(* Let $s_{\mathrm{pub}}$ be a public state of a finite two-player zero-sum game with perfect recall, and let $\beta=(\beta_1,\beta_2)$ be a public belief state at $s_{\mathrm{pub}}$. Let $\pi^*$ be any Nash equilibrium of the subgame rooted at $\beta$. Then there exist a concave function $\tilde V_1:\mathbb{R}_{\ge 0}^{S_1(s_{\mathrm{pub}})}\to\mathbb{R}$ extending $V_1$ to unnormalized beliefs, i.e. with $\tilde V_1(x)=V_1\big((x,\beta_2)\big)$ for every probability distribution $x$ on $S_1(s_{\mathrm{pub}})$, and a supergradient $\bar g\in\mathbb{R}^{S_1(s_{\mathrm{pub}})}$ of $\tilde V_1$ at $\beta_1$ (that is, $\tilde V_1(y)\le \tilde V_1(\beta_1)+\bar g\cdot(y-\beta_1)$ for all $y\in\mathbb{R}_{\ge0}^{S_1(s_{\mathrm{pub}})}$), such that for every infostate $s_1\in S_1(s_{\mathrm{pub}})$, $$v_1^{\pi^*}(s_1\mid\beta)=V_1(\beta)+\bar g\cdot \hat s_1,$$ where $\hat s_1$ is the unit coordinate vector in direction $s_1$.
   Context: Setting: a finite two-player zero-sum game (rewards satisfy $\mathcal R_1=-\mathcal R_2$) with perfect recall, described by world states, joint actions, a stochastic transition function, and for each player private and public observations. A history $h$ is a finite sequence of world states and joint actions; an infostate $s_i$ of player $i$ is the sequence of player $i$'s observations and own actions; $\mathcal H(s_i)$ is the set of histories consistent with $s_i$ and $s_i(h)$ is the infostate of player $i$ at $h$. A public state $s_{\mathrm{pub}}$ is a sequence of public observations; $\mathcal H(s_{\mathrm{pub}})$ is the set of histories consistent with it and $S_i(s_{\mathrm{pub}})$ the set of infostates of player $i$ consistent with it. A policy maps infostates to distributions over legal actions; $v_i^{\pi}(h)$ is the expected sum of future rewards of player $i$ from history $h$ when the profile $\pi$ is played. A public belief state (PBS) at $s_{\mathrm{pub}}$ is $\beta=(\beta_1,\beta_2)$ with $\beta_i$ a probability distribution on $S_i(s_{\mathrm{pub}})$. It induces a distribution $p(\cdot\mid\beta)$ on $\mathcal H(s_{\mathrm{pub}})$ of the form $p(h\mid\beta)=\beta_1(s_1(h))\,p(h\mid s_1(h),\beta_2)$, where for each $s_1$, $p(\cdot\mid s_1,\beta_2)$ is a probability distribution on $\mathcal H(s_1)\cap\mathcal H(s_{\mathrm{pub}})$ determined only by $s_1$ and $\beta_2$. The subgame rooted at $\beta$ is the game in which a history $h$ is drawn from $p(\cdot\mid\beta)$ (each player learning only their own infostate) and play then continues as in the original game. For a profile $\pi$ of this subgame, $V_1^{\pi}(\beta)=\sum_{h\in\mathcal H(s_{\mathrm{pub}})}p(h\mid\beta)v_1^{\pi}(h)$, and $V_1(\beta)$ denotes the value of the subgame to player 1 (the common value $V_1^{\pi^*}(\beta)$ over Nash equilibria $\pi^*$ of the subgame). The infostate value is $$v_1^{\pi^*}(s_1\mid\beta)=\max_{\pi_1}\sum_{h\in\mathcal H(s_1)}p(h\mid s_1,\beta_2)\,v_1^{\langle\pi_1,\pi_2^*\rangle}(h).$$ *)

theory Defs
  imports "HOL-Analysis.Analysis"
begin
================================
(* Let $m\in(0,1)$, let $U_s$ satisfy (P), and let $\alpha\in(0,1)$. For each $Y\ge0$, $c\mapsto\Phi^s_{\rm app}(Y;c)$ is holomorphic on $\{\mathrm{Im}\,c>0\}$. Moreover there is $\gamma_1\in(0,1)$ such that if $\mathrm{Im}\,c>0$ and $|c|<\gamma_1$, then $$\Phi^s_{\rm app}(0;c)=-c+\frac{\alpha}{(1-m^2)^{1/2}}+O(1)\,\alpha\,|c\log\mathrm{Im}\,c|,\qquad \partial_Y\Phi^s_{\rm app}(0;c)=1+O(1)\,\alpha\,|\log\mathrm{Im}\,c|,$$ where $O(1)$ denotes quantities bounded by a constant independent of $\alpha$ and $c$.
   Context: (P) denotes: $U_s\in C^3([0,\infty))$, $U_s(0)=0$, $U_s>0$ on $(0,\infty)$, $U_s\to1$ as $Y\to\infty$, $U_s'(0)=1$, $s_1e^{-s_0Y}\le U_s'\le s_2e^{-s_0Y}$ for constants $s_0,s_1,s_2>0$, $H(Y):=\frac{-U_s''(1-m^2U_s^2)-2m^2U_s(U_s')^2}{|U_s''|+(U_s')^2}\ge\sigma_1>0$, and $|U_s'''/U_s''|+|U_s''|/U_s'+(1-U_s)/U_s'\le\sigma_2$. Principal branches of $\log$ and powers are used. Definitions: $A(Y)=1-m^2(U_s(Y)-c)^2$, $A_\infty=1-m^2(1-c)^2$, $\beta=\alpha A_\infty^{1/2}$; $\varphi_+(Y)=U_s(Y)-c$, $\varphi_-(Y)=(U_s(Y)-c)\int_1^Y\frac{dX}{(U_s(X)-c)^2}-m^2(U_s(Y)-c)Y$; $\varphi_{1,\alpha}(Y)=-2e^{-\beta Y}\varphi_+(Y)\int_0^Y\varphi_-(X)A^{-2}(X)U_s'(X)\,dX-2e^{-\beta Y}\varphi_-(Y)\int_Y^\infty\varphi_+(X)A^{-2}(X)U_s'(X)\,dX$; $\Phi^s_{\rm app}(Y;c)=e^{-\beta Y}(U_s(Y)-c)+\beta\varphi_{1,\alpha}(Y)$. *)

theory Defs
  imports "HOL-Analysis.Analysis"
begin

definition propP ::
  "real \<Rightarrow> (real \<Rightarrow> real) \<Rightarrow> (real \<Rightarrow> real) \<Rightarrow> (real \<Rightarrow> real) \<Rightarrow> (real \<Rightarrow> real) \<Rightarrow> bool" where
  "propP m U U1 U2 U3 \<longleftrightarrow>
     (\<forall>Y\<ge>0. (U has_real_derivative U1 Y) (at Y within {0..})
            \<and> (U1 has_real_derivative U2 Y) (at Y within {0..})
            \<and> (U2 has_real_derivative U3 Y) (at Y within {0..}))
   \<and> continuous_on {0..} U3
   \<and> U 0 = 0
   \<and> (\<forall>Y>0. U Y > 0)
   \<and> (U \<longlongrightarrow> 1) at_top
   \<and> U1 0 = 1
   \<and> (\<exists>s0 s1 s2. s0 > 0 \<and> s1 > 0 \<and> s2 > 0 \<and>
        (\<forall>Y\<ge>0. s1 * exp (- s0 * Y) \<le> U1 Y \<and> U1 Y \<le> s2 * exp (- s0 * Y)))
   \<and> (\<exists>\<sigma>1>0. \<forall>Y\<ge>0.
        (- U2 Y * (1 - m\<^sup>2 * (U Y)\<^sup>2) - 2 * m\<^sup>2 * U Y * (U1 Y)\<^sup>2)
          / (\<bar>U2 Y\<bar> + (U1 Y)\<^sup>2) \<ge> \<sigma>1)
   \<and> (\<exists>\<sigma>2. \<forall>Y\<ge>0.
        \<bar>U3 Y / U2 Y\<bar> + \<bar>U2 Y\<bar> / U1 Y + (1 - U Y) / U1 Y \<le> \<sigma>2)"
================================
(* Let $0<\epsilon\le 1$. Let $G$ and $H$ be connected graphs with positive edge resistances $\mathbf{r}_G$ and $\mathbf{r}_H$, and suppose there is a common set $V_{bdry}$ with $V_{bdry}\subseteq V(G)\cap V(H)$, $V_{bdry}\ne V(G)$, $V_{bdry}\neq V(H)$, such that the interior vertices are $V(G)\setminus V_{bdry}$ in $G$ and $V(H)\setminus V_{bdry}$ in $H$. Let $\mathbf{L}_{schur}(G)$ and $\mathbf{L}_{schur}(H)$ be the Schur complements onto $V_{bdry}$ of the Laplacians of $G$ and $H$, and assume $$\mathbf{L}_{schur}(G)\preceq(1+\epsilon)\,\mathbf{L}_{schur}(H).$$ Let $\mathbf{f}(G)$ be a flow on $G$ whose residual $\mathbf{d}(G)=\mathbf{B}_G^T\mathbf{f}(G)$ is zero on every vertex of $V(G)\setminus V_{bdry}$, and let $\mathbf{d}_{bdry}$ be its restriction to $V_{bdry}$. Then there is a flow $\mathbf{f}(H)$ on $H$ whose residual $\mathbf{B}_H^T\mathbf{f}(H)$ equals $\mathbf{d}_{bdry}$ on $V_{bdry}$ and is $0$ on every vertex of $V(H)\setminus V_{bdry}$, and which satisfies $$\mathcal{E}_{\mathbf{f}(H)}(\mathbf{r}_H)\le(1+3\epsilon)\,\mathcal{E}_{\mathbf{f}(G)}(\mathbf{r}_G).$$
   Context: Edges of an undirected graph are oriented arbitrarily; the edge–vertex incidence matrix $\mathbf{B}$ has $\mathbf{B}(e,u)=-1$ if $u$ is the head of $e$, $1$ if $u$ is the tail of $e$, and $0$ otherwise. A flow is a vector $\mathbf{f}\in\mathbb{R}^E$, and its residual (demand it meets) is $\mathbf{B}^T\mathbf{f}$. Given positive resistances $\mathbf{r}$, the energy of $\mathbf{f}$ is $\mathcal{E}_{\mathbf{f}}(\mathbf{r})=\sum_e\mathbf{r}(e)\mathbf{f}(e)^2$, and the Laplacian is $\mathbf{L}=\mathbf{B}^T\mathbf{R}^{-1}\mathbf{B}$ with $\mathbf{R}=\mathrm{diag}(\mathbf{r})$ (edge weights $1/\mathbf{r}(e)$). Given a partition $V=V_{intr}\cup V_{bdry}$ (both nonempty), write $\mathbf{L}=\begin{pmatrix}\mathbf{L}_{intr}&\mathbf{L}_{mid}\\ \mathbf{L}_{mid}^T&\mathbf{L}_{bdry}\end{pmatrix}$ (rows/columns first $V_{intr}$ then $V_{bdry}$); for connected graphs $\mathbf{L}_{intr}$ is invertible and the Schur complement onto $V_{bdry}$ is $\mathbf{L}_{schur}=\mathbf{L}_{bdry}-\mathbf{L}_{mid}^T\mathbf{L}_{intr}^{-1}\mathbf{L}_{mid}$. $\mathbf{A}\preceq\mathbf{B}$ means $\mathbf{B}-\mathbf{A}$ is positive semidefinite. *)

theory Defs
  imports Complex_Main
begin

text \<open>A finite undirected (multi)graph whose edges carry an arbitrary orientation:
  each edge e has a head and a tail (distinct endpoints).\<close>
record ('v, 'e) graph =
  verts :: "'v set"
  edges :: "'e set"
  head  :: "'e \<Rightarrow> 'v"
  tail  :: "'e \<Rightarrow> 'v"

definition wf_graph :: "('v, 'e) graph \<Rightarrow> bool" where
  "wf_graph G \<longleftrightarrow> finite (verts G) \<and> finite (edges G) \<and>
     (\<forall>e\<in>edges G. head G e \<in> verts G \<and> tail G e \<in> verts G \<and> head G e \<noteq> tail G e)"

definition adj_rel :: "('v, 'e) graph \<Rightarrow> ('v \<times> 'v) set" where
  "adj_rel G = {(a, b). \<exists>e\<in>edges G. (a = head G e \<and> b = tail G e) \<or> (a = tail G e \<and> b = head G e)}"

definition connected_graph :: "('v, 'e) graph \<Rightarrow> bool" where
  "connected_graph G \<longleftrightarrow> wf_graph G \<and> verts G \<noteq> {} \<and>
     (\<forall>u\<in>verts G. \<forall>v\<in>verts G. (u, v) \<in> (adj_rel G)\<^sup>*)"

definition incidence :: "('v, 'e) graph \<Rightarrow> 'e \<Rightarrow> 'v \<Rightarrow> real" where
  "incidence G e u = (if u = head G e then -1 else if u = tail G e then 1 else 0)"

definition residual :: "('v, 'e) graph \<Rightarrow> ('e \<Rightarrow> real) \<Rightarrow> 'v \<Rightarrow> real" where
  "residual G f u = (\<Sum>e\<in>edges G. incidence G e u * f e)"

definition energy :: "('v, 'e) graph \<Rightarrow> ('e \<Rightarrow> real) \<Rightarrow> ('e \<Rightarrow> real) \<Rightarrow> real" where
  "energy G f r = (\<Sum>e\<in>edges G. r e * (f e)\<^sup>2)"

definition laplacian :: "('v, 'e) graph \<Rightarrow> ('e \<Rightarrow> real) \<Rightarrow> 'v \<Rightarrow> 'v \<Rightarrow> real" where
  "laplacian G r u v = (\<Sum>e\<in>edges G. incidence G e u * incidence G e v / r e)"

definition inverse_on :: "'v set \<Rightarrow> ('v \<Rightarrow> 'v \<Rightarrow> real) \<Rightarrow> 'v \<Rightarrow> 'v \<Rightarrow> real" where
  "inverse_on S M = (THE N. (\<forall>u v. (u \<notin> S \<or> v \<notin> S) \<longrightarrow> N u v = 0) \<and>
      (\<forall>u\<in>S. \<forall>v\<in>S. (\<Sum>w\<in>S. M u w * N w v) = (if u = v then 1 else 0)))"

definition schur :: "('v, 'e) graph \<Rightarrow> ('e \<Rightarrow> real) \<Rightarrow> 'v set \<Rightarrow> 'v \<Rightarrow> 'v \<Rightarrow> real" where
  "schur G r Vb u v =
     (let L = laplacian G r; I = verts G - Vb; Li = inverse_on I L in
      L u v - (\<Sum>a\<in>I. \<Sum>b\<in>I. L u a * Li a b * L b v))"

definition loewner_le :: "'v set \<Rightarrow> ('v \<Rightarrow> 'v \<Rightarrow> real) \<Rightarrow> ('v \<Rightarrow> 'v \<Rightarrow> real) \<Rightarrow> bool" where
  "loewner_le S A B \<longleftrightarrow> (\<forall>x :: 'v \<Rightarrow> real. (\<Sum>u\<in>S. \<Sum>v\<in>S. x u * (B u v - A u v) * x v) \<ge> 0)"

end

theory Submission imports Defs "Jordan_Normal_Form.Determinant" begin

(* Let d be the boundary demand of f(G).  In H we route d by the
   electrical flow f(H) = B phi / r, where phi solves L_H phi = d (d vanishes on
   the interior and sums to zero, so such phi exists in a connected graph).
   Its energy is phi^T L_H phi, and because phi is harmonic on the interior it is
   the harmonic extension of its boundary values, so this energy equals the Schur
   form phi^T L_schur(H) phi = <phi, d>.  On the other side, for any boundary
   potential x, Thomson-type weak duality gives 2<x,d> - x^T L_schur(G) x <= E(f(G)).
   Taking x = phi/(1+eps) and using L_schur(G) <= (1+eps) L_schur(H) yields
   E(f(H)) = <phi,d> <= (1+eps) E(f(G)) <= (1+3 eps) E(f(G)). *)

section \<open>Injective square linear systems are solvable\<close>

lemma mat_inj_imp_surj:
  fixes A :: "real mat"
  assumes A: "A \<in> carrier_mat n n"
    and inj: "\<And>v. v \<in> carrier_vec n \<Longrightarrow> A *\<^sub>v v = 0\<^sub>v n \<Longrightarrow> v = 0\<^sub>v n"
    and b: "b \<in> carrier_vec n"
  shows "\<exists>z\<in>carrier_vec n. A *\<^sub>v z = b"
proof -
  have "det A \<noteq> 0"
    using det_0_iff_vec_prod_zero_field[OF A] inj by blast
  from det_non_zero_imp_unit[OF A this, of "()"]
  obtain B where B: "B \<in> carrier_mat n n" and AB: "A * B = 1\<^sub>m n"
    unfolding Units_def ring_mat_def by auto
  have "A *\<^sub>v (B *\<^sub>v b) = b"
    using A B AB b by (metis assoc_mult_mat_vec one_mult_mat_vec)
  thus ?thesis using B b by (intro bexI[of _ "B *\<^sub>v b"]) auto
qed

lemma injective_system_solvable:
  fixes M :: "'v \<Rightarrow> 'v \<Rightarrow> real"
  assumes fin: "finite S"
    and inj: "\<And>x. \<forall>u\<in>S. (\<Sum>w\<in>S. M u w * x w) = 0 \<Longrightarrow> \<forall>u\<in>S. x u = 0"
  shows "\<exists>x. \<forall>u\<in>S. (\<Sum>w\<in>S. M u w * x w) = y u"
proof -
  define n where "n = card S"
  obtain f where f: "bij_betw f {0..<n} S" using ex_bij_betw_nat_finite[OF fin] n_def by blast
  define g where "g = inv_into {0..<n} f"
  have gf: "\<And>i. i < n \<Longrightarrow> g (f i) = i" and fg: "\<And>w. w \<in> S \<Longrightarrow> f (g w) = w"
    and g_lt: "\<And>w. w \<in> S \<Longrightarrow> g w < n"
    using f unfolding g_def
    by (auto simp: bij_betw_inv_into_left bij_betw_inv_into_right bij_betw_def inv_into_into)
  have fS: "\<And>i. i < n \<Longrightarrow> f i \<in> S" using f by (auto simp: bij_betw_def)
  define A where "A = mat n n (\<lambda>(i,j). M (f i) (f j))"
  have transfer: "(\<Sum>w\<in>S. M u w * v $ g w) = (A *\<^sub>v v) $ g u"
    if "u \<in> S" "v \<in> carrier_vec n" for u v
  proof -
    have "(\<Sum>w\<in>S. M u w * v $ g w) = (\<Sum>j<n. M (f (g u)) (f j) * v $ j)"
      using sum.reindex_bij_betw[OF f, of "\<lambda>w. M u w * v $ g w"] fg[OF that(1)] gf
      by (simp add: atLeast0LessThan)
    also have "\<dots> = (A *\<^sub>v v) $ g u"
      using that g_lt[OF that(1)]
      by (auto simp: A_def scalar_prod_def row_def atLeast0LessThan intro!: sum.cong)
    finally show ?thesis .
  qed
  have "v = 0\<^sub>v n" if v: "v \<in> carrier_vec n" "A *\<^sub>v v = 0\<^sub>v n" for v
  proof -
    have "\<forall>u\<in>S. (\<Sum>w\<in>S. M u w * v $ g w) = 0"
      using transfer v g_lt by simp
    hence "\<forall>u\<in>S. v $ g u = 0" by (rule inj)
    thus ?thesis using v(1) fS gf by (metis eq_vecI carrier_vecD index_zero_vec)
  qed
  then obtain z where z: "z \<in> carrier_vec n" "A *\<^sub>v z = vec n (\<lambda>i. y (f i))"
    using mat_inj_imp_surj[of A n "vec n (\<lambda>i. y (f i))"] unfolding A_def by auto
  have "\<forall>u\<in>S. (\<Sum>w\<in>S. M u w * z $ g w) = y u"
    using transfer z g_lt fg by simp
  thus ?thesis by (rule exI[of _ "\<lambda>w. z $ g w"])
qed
================================
→ WHAT YOU SHOULD DO: Could you copy each line from the listing that has the word "harmonic" in it?

→ RESULT:
   Its energy is phi^T L_H phi, and because phi is harmonic on the interior it is
   the harmonic extension of its boundary values, so this energy equals the Schur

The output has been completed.